Go to the line in the entries below that holds "a non-backtracking walk" and repeat exactly from there through the line that holds "define W where", inclusive.

§ **Stored data**:
==================================================

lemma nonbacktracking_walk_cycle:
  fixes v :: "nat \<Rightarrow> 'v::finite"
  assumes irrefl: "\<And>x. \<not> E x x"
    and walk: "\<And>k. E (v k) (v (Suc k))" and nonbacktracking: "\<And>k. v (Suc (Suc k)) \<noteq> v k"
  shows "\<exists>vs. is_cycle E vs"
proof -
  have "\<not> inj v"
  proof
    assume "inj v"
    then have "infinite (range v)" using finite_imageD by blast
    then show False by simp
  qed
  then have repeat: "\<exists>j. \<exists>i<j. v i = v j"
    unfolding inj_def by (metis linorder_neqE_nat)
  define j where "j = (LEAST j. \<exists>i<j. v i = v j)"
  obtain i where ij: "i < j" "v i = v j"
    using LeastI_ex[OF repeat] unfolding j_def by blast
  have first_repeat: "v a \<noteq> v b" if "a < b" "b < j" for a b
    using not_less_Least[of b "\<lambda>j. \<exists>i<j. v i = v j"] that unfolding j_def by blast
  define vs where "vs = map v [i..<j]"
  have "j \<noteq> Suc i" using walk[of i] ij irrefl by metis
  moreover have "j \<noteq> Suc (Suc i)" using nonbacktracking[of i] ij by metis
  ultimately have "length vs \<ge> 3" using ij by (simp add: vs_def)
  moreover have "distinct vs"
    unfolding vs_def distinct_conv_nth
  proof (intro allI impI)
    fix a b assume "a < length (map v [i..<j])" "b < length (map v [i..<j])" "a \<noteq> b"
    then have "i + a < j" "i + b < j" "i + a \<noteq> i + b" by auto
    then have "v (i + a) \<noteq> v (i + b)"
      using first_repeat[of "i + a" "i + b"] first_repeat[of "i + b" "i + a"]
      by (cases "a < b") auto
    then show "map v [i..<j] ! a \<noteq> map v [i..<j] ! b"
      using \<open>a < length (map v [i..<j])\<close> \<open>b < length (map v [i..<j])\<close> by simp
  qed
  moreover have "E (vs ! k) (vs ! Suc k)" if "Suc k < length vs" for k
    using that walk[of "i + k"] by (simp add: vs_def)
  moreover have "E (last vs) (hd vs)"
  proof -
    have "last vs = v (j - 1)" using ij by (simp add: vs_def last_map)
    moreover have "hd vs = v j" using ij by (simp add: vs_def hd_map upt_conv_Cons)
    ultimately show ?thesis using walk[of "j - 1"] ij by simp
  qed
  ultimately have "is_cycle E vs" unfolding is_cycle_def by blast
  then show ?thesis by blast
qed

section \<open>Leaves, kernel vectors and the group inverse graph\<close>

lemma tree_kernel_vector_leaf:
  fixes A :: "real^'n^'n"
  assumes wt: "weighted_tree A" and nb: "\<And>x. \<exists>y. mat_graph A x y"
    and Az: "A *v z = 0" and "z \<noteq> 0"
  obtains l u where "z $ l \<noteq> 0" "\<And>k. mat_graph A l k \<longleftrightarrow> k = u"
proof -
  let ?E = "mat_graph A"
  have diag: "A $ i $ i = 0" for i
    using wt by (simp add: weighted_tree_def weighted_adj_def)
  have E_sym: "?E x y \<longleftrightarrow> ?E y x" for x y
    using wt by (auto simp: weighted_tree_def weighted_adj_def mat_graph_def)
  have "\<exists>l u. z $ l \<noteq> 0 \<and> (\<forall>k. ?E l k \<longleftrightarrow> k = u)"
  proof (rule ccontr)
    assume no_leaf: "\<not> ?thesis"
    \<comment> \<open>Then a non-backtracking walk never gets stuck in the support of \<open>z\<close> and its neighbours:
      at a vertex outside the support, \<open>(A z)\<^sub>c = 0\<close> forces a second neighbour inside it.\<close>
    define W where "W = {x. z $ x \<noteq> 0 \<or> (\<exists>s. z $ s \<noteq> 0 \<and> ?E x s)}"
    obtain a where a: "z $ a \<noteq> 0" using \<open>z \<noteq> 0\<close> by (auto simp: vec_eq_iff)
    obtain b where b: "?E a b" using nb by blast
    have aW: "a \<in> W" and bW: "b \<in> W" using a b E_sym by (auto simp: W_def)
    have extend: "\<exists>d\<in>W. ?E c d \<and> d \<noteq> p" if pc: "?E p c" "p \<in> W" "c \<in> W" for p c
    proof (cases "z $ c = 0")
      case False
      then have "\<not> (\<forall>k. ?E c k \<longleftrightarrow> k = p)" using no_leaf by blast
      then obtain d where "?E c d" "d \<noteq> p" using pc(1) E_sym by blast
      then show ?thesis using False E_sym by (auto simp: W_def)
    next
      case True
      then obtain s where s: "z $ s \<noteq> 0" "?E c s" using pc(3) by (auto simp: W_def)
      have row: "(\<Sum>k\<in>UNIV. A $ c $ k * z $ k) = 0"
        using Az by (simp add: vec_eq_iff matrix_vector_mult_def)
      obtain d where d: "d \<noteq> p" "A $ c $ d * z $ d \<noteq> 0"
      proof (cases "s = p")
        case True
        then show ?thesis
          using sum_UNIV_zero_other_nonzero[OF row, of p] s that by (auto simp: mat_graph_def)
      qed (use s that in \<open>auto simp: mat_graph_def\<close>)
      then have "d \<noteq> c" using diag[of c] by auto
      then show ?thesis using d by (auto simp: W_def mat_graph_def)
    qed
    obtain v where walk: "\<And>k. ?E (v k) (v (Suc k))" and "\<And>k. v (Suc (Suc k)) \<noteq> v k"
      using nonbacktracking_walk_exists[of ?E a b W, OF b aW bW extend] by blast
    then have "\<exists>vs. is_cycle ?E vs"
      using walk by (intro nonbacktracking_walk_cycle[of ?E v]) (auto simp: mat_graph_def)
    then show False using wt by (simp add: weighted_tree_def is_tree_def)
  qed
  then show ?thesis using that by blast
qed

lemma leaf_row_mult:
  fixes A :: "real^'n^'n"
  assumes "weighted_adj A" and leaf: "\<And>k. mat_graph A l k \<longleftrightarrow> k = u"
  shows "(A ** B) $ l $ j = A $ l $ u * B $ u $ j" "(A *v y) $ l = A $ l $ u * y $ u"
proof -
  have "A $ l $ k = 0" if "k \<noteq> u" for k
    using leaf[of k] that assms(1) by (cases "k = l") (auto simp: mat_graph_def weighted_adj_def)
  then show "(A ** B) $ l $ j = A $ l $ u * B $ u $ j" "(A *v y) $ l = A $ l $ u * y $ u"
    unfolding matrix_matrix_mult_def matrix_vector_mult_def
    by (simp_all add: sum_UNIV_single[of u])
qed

==================================================

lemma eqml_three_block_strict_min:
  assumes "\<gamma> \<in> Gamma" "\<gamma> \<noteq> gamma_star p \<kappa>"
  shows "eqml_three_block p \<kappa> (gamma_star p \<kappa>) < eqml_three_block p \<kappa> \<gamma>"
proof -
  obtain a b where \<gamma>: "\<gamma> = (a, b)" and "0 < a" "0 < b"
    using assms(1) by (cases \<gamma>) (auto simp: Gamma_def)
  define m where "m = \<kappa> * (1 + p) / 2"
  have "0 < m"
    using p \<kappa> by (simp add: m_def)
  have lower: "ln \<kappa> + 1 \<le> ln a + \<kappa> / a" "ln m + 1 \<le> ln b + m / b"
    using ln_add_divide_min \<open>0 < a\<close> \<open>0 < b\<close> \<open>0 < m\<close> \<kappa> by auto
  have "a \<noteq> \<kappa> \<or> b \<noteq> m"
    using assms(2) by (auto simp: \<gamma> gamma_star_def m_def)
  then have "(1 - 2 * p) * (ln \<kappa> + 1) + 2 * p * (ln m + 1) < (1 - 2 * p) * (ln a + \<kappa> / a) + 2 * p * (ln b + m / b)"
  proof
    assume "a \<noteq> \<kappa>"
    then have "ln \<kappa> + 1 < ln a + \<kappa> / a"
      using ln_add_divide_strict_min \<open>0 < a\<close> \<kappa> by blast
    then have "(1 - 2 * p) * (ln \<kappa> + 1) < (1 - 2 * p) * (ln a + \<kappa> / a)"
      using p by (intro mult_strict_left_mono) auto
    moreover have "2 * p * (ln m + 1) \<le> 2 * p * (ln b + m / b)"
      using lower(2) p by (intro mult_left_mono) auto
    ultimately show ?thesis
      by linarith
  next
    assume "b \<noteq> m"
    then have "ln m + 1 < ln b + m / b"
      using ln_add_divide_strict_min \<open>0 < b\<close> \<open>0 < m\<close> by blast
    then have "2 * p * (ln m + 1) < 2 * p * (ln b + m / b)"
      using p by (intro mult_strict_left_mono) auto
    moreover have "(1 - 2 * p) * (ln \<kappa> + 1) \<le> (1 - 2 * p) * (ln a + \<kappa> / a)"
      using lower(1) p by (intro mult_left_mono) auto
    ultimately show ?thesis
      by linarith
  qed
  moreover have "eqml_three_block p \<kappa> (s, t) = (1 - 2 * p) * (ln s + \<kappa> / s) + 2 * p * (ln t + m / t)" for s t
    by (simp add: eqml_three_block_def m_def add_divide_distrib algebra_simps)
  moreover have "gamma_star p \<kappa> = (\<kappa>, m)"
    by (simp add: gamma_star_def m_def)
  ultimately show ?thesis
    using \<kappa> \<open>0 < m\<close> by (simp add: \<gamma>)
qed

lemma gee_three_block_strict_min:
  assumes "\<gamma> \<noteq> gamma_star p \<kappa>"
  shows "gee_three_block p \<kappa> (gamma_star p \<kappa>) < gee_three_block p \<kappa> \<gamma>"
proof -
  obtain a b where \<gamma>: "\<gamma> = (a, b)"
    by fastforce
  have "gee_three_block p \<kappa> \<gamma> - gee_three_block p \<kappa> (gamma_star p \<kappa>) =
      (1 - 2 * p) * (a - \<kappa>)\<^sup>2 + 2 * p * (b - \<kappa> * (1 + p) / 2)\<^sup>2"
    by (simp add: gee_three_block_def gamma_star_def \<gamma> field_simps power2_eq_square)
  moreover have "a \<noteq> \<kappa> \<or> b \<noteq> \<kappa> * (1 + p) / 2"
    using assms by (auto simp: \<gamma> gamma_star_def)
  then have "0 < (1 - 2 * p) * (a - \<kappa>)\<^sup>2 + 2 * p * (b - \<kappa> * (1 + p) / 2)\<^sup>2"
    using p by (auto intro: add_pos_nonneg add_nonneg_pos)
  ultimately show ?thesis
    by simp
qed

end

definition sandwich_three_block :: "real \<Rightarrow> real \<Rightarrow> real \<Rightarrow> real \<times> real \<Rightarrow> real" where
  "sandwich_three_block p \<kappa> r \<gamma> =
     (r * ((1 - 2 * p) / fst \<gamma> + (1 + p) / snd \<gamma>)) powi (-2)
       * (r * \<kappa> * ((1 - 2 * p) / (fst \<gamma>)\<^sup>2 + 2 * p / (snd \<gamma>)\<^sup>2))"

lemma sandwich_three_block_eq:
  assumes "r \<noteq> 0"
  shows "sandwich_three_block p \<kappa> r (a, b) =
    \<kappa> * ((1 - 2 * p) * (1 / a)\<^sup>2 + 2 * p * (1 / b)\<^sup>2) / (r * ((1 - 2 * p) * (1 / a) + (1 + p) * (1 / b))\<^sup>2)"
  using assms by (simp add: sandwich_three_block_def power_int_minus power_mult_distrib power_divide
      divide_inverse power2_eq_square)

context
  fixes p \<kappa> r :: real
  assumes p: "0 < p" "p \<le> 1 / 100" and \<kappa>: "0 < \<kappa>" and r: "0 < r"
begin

==================================================

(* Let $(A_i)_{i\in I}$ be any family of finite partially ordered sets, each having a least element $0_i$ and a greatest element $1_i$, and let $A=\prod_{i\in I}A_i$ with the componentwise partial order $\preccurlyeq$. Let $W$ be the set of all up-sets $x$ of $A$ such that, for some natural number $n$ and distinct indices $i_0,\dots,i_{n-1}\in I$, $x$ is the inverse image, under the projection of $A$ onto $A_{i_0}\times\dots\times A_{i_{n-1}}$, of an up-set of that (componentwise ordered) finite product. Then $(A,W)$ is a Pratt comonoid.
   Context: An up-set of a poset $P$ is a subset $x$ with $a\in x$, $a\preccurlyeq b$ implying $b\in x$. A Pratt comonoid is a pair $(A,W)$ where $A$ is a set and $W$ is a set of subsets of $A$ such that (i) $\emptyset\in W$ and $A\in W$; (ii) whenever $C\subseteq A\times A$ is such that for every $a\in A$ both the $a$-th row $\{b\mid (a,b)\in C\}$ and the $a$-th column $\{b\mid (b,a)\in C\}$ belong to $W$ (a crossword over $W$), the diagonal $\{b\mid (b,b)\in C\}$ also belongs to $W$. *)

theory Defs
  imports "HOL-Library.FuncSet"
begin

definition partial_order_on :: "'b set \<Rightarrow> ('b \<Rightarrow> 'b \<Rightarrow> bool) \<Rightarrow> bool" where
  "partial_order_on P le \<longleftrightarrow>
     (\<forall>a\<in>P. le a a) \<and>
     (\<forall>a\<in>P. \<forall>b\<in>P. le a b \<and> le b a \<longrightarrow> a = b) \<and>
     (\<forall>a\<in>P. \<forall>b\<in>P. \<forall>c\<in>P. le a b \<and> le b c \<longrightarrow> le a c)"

==================================================

§ **Task result**:
    \<comment> \<open>Then a non-backtracking walk never gets stuck in the support of \<open>z\<close> and its neighbours:
      at a vertex outside the support, \<open>(A z)\<^sub>c = 0\<close> forces a second neighbour inside it.\<close>
    define W where "W = {x. z $ x \<noteq> 0 \<or> (\<exists>s. z $ s \<noteq> 0 \<and> ?E x s)}"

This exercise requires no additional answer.